§ **Exercise materials**

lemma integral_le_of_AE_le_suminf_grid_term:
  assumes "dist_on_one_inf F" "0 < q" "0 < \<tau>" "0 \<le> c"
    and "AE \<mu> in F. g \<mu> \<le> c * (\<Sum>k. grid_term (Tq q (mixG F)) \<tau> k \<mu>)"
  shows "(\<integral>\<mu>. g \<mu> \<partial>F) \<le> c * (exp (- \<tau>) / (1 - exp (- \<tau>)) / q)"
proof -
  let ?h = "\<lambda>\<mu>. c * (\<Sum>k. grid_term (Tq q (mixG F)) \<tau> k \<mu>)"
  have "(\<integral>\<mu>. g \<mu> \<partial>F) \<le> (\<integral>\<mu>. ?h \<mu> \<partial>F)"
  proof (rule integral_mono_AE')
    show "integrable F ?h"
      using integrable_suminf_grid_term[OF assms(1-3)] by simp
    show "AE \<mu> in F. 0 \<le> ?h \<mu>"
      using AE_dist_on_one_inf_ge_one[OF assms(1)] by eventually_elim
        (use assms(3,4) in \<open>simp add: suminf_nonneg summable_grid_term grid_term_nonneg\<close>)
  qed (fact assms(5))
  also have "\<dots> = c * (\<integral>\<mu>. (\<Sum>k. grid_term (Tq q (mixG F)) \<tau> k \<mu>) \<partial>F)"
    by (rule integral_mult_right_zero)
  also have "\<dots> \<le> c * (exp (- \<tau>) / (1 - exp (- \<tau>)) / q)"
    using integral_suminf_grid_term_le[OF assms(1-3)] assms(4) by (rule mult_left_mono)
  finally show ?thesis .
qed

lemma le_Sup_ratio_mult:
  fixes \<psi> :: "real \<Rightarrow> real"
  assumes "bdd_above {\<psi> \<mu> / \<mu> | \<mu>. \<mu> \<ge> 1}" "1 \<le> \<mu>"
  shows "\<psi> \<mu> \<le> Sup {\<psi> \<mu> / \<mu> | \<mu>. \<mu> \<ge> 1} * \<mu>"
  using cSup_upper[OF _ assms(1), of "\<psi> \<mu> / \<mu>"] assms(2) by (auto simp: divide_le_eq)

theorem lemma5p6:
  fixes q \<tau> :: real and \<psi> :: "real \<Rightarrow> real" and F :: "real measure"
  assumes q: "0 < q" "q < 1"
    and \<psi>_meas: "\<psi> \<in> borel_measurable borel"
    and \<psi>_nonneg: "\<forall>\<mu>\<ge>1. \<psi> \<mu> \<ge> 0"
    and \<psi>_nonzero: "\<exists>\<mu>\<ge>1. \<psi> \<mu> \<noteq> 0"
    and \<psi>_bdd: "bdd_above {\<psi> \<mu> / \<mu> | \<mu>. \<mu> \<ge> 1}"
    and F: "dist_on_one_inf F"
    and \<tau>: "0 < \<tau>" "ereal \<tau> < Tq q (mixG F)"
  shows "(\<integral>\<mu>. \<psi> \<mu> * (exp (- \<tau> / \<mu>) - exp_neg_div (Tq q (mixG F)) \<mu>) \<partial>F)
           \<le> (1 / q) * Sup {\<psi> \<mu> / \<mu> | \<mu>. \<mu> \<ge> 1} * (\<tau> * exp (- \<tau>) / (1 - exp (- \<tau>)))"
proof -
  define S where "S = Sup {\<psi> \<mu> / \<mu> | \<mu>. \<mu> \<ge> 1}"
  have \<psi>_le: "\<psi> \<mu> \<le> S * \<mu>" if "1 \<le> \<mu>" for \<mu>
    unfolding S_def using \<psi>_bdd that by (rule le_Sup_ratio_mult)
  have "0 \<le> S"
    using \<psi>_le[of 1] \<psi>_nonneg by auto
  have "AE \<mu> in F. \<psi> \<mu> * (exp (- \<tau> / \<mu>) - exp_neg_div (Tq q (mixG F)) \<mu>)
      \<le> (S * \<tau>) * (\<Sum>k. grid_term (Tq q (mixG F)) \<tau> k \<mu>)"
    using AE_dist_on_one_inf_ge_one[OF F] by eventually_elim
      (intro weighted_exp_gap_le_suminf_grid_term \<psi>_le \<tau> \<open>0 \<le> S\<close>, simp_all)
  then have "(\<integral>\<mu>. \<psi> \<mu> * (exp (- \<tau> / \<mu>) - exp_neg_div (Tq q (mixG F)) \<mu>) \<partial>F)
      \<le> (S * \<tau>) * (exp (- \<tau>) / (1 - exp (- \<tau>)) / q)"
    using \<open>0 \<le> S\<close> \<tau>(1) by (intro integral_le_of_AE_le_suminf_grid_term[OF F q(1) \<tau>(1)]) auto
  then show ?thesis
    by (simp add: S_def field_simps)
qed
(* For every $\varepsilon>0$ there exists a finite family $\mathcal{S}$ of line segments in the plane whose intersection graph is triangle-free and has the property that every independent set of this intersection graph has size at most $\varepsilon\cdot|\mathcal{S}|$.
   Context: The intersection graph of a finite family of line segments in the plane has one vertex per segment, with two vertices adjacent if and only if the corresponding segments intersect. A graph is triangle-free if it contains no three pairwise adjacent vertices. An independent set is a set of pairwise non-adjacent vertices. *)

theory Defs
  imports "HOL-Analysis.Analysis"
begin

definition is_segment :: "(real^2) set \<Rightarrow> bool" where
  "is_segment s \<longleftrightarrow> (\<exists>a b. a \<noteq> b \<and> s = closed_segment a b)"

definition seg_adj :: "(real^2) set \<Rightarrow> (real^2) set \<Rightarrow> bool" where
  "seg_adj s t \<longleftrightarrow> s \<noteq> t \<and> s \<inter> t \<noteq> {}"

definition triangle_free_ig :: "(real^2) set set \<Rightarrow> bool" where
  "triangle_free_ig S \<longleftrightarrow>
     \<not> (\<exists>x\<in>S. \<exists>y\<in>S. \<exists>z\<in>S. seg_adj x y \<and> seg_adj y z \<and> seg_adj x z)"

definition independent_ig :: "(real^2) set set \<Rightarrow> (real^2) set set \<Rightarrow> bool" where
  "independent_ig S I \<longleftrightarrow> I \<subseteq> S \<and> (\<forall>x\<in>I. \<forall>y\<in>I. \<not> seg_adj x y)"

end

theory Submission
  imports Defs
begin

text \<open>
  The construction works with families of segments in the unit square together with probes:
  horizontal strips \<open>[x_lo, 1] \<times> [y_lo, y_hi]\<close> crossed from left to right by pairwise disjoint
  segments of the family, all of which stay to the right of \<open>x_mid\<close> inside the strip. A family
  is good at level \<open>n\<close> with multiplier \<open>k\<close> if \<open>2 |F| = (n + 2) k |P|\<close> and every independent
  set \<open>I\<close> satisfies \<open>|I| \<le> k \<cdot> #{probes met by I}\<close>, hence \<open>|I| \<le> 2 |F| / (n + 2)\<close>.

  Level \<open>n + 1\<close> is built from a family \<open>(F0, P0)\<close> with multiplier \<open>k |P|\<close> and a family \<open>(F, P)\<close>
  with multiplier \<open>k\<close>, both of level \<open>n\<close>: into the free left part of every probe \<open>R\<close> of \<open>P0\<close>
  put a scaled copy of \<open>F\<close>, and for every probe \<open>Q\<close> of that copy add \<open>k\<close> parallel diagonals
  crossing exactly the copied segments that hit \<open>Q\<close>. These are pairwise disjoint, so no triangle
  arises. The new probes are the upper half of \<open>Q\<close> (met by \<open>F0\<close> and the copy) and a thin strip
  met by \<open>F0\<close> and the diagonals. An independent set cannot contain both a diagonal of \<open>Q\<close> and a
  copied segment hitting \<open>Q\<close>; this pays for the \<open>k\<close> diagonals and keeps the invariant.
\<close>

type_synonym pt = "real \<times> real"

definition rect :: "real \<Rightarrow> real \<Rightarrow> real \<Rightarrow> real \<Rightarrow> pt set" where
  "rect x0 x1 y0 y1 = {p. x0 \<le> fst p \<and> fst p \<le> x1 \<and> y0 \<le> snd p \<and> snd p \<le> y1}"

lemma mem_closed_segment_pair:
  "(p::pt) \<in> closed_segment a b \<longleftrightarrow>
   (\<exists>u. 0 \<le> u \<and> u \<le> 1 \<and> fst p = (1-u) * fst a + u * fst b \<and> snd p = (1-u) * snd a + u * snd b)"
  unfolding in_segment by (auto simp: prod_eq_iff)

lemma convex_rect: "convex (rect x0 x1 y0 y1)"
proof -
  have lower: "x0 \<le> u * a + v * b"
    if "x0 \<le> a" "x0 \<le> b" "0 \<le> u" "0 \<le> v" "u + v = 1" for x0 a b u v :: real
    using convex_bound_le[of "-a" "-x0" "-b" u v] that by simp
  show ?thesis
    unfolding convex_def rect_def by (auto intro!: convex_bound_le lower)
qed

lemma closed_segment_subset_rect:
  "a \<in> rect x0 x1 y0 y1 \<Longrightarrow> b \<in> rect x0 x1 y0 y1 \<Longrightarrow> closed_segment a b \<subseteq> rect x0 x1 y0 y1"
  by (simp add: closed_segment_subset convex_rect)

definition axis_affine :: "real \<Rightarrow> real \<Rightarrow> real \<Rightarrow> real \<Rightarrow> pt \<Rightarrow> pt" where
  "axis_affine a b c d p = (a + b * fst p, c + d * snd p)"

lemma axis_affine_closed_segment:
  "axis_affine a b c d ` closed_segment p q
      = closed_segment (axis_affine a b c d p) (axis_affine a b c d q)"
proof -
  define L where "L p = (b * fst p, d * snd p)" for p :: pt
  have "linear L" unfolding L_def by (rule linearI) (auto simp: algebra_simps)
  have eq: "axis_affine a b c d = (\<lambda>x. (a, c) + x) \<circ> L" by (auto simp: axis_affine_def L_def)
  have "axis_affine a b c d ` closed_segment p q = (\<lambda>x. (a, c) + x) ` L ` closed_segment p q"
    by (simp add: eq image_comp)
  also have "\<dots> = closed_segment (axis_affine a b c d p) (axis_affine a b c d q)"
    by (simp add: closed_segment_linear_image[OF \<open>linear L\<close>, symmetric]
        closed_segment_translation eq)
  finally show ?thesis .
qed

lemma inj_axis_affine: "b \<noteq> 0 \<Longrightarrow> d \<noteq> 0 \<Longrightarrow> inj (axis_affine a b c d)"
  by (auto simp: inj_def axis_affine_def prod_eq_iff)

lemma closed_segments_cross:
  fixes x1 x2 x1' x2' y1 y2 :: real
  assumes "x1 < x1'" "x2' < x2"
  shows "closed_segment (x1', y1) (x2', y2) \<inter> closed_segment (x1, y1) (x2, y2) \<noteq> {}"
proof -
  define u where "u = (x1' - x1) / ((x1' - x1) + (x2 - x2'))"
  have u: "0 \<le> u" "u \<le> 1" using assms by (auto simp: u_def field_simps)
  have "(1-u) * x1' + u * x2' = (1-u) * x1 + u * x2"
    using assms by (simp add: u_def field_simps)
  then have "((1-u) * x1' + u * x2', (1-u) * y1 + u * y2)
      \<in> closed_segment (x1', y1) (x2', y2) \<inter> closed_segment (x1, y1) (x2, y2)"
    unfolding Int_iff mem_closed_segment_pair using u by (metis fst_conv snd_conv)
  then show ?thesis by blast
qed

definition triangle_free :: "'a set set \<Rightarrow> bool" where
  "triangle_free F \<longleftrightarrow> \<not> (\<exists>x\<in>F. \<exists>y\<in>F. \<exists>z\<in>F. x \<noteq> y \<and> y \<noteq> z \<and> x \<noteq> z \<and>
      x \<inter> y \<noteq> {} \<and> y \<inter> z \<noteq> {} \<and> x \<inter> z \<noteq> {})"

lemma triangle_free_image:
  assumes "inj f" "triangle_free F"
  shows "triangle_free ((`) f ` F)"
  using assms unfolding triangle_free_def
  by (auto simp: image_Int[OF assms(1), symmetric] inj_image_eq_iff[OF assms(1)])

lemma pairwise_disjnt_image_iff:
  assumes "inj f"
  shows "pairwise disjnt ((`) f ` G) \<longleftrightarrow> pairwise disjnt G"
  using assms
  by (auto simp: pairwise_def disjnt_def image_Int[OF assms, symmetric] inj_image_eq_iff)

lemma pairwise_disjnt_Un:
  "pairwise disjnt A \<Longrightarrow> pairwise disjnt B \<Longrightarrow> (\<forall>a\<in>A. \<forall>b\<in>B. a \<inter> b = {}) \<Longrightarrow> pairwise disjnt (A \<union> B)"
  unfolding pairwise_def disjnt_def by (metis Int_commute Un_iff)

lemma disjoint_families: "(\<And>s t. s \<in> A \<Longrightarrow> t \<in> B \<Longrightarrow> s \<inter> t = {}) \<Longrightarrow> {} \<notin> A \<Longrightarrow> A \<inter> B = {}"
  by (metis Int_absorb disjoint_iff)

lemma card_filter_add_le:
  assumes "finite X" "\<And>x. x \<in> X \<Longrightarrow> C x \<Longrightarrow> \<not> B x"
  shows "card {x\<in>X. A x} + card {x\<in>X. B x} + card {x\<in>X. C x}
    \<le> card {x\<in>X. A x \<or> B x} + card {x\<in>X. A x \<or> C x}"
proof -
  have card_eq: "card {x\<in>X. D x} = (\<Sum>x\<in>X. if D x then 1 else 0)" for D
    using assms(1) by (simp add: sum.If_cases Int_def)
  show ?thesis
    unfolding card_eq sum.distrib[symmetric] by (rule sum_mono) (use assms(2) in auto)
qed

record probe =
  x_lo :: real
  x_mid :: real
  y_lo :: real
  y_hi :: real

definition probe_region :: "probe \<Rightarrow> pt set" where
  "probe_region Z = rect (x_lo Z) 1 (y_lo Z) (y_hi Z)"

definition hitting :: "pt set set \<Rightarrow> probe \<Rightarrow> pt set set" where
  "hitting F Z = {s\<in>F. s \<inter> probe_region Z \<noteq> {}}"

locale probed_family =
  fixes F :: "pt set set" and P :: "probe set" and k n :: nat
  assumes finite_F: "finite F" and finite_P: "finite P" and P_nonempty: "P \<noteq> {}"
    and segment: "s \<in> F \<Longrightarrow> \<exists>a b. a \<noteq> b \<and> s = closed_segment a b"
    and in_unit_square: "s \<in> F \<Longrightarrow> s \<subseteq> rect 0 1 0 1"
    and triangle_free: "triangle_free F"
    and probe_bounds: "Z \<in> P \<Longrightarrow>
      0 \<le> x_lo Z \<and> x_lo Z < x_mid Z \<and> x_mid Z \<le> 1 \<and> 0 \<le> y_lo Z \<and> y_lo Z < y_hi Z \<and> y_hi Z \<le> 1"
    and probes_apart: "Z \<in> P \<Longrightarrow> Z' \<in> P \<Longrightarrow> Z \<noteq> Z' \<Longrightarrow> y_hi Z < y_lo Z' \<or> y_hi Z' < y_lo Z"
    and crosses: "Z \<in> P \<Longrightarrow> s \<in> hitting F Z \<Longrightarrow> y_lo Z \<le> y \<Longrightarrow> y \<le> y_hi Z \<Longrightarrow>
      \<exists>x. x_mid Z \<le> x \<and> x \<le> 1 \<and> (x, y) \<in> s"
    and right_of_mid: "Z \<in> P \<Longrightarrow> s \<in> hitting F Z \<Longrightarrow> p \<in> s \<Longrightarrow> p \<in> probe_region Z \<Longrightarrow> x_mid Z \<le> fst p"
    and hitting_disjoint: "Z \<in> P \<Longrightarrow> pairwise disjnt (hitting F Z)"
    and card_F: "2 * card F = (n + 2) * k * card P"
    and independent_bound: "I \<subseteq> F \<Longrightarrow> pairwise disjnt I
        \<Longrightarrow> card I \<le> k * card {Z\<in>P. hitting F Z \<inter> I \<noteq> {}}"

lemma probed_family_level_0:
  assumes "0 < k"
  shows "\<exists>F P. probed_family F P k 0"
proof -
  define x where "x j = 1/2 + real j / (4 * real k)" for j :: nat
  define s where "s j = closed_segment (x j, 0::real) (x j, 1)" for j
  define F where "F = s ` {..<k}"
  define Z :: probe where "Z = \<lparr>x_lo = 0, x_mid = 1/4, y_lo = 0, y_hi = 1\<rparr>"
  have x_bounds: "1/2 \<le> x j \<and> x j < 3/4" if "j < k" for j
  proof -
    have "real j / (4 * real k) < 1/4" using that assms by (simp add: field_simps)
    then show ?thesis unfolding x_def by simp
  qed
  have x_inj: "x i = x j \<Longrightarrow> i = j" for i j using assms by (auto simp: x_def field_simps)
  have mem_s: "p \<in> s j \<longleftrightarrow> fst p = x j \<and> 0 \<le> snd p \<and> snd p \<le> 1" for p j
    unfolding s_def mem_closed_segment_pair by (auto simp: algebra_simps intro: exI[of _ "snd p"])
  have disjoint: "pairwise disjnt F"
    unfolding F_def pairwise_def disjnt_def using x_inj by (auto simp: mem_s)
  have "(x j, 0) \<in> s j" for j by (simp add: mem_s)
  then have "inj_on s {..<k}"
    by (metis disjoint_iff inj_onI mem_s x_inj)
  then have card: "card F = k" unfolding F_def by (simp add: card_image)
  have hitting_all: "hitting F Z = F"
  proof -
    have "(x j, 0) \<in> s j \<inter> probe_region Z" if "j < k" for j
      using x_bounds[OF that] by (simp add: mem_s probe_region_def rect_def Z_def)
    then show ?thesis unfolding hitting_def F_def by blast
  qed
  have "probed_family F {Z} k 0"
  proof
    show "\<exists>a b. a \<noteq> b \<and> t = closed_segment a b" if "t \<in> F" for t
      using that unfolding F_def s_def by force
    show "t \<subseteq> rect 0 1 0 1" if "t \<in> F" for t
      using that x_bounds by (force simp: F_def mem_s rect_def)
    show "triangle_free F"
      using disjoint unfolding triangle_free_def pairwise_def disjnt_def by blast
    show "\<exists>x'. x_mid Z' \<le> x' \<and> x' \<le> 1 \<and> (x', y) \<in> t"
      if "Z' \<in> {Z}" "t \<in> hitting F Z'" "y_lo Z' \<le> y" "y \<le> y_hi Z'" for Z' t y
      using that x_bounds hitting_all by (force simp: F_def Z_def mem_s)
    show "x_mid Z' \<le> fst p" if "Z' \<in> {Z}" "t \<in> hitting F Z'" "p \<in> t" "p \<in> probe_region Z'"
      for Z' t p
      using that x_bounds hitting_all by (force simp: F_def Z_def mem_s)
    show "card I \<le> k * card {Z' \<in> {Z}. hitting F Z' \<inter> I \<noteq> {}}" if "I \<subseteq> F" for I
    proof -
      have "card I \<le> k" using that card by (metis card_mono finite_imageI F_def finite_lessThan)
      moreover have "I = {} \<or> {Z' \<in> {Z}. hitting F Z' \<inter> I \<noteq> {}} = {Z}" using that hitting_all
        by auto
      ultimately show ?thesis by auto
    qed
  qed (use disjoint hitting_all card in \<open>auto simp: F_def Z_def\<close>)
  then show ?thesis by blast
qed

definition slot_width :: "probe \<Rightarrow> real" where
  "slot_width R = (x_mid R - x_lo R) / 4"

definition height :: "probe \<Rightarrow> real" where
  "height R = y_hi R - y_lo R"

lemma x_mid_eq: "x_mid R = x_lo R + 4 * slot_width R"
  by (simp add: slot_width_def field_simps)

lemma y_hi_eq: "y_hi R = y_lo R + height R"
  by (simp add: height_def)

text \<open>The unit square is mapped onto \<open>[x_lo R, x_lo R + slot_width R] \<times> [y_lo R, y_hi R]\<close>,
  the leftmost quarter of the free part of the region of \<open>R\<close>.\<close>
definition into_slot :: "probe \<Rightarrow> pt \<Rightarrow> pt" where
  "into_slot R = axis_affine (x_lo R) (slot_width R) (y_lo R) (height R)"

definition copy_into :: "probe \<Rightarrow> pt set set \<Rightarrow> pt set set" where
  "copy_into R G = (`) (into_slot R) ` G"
* * *
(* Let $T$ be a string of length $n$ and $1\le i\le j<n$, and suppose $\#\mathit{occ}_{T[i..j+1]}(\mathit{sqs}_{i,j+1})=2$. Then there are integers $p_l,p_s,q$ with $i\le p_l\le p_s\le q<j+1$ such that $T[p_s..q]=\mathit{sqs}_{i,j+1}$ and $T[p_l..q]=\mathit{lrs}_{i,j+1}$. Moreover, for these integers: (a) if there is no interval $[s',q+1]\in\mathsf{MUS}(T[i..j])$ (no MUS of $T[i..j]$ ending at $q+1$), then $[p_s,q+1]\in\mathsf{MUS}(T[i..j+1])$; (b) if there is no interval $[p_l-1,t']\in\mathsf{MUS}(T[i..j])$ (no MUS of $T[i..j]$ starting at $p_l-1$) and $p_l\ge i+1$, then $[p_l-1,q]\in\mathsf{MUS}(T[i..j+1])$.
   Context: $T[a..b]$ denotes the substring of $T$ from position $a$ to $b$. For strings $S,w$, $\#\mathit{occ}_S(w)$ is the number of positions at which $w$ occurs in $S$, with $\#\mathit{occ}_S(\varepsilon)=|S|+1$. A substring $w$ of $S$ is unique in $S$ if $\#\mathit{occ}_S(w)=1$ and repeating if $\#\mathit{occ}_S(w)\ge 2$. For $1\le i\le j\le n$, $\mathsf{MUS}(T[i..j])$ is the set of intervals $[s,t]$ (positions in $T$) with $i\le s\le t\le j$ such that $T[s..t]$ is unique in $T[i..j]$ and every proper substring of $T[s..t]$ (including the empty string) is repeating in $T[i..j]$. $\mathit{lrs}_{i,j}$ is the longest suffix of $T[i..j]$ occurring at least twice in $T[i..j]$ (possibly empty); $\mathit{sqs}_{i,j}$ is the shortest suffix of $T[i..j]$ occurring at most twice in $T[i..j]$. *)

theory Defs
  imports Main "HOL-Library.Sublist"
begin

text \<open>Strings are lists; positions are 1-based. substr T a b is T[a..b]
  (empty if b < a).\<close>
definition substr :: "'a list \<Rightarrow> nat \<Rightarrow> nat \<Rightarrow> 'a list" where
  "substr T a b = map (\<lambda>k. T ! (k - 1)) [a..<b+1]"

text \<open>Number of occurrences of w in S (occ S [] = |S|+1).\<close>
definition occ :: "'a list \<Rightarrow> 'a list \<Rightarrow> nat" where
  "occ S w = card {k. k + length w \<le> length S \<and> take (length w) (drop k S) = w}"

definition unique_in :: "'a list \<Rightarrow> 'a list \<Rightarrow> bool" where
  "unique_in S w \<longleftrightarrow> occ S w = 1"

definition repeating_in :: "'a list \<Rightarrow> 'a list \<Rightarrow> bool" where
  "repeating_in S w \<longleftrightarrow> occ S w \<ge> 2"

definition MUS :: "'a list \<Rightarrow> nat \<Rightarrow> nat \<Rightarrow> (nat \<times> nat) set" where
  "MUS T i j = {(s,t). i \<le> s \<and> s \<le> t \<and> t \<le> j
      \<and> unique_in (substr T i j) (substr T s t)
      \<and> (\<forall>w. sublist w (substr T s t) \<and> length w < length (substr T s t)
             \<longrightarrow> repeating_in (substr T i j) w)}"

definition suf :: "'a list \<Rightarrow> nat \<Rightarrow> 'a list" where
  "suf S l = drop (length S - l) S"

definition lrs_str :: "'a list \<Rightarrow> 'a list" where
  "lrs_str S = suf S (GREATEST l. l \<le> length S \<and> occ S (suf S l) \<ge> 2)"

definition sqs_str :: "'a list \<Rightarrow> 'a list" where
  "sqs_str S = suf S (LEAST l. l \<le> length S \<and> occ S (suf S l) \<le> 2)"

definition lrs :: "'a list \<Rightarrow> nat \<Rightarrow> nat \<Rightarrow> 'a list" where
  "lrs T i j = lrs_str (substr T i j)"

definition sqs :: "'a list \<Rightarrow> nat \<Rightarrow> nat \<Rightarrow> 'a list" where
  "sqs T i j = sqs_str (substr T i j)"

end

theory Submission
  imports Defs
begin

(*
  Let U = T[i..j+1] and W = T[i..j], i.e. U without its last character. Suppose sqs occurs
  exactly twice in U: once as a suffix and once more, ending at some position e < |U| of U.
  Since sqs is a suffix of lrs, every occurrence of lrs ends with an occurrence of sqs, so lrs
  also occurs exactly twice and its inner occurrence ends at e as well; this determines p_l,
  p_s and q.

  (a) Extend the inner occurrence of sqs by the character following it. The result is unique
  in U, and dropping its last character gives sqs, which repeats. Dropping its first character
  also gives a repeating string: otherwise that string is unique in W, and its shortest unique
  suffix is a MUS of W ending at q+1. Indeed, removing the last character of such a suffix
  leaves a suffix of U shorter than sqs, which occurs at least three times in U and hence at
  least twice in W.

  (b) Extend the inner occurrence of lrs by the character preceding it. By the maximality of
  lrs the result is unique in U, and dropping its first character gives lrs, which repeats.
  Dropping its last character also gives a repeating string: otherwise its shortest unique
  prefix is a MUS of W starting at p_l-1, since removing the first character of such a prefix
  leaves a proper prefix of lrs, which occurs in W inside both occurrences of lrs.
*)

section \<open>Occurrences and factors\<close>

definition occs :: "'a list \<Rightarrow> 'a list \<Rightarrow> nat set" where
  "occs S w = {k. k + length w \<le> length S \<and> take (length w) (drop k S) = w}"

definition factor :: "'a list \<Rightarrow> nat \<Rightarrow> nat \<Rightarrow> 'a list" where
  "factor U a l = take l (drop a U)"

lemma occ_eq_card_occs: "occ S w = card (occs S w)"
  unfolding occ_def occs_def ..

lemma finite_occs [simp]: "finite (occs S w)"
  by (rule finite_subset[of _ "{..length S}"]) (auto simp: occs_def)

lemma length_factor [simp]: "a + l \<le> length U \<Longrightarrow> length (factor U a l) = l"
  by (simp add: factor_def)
...
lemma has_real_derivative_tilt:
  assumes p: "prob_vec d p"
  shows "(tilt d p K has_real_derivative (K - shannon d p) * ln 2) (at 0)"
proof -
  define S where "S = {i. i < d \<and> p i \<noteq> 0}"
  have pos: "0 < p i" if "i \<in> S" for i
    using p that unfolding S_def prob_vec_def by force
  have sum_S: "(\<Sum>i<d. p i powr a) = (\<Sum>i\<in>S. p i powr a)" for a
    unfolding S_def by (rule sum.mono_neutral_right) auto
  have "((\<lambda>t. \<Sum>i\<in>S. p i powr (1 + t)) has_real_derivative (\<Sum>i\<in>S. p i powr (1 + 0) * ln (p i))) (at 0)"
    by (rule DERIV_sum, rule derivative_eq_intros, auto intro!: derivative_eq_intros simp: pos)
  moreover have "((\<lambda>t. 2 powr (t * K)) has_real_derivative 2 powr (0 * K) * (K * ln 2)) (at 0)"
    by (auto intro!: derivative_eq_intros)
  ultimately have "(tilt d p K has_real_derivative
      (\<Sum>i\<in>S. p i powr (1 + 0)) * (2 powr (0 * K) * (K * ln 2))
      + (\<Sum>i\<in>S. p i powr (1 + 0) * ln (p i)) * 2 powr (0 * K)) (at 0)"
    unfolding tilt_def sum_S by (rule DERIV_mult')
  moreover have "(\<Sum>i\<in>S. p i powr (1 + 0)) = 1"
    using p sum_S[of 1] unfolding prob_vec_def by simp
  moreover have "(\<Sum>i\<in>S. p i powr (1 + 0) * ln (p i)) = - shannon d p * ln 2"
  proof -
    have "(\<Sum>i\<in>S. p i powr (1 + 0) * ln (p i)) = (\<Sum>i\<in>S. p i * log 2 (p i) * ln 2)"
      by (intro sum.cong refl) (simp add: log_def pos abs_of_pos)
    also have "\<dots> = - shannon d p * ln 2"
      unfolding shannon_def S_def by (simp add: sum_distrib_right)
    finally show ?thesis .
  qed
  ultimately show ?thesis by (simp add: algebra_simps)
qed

§ **Work to be completed**
From the entries above, restate word for word the lines from the line containing "arises. The new" to the line containing "x0 \<le> fst", both ends included, and nothing more.

§ **Response to this exercise**
  arises. The new probes are the upper half of \<open>Q\<close> (met by \<open>F0\<close> and the copy) and a thin strip
  met by \<open>F0\<close> and the diagonals. An independent set cannot contain both a diagonal of \<open>Q\<close> and a
  copied segment hitting \<open>Q\<close>; this pays for the \<open>k\<close> diagonals and keeps the invariant.
\<close>

type_synonym pt = "real \<times> real"

definition rect :: "real \<Rightarrow> real \<Rightarrow> real \<Rightarrow> real \<Rightarrow> pt set" where
  "rect x0 x1 y0 y1 = {p. x0 \<le> fst p \<and> fst p \<le> x1 \<and> y0 \<le> snd p \<and> snd p \<le> y1}"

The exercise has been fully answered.